Work required
Using the data beneath this instruction, retype only the lines from the one that contains "n R r)) \<in>" down to the one that contains "qed (use assms", both included, exactly as they appear.

[Saved data entries]
▬▬▬

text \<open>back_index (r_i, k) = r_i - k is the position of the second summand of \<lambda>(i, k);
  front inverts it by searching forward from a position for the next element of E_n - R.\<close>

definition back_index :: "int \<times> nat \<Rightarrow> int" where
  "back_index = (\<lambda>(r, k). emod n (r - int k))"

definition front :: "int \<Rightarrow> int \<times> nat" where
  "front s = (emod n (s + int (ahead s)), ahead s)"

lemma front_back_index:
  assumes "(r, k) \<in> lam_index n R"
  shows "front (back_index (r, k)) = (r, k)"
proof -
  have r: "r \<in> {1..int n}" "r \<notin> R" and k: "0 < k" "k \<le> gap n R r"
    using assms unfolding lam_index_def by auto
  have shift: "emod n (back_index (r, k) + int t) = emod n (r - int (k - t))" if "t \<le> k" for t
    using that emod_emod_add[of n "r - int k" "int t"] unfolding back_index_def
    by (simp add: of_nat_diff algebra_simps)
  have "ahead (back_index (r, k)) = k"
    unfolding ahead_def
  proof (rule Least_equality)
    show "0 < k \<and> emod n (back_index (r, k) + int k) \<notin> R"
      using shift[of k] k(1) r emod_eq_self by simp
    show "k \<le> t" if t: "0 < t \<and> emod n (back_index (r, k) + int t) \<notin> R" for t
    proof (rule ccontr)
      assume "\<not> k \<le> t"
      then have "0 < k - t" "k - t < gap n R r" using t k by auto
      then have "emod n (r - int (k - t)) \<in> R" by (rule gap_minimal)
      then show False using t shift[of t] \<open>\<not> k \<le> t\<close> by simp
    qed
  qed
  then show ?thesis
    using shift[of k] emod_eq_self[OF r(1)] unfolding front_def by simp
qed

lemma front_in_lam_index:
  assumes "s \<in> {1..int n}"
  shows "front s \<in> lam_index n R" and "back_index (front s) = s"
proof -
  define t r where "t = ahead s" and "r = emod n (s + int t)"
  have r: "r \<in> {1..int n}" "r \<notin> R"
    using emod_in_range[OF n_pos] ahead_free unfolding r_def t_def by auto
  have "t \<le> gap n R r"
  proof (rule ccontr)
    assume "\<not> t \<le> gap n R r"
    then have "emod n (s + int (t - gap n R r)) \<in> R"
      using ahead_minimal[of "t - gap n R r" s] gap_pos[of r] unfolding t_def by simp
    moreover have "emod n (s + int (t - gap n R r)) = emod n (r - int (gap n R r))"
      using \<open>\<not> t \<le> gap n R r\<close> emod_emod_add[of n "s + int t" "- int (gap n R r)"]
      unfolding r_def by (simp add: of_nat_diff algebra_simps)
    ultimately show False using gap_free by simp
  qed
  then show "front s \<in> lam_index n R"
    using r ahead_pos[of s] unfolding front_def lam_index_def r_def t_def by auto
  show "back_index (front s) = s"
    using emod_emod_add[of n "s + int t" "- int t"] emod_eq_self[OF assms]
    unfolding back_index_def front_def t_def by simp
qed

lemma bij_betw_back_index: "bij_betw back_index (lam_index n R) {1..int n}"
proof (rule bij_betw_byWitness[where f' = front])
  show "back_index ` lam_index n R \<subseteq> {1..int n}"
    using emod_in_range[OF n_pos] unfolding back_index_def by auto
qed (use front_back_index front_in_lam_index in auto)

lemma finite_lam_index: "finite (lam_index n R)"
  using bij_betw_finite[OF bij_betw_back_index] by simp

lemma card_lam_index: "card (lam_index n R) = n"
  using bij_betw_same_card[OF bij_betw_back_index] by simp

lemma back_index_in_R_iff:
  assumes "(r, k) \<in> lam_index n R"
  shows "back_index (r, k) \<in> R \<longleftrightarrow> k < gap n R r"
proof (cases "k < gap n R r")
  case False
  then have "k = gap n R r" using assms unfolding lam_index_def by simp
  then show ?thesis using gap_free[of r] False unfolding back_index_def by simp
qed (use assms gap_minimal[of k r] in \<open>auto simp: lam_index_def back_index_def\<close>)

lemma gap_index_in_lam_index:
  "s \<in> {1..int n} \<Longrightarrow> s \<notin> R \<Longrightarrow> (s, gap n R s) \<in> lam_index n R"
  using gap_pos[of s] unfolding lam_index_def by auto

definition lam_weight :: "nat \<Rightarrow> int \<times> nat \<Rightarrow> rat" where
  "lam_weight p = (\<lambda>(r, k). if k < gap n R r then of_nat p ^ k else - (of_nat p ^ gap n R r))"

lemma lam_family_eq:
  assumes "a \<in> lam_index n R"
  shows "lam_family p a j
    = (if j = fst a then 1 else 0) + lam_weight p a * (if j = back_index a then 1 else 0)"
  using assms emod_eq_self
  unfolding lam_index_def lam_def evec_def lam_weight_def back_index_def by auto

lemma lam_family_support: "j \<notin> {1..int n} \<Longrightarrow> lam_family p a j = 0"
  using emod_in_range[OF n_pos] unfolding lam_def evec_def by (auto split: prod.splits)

▬▬▬

Answer box
    then have "emod n (s + int (t - gap n R r)) \<in> R"
      using ahead_minimal[of "t - gap n R r" s] gap_pos[of r] unfolding t_def by simp
    moreover have "emod n (s + int (t - gap n R r)) = emod n (r - int (gap n R r))"
      using \<open>\<not> t \<le> gap n R r\<close> emod_emod_add[of n "s + int t" "- int (gap n R r)"]
      unfolding r_def by (simp add: of_nat_diff algebra_simps)
    ultimately show False using gap_free by simp
  qed
  then show "front s \<in> lam_index n R"
    using r ahead_pos[of s] unfolding front_def lam_index_def r_def t_def by auto
  show "back_index (front s) = s"
    using emod_emod_add[of n "s + int t" "- int t"] emod_eq_self[OF assms]
    unfolding back_index_def front_def t_def by simp
qed

lemma bij_betw_back_index: "bij_betw back_index (lam_index n R) {1..int n}"
proof (rule bij_betw_byWitness[where f' = front])
  show "back_index ` lam_index n R \<subseteq> {1..int n}"
    using emod_in_range[OF n_pos] unfolding back_index_def by auto
qed (use front_back_index front_in_lam_index in auto)

lemma finite_lam_index: "finite (lam_index n R)"
  using bij_betw_finite[OF bij_betw_back_index] by simp

lemma card_lam_index: "card (lam_index n R) = n"
  using bij_betw_same_card[OF bij_betw_back_index] by simp

lemma back_index_in_R_iff:
  assumes "(r, k) \<in> lam_index n R"
  shows "back_index (r, k) \<in> R \<longleftrightarrow> k < gap n R r"
proof (cases "k < gap n R r")
  case False
  then have "k = gap n R r" using assms unfolding lam_index_def by simp
  then show ?thesis using gap_free[of r] False unfolding back_index_def by simp
qed (use assms gap_minimal[of k r] in \<open>auto simp: lam_index_def back_index_def\<close>)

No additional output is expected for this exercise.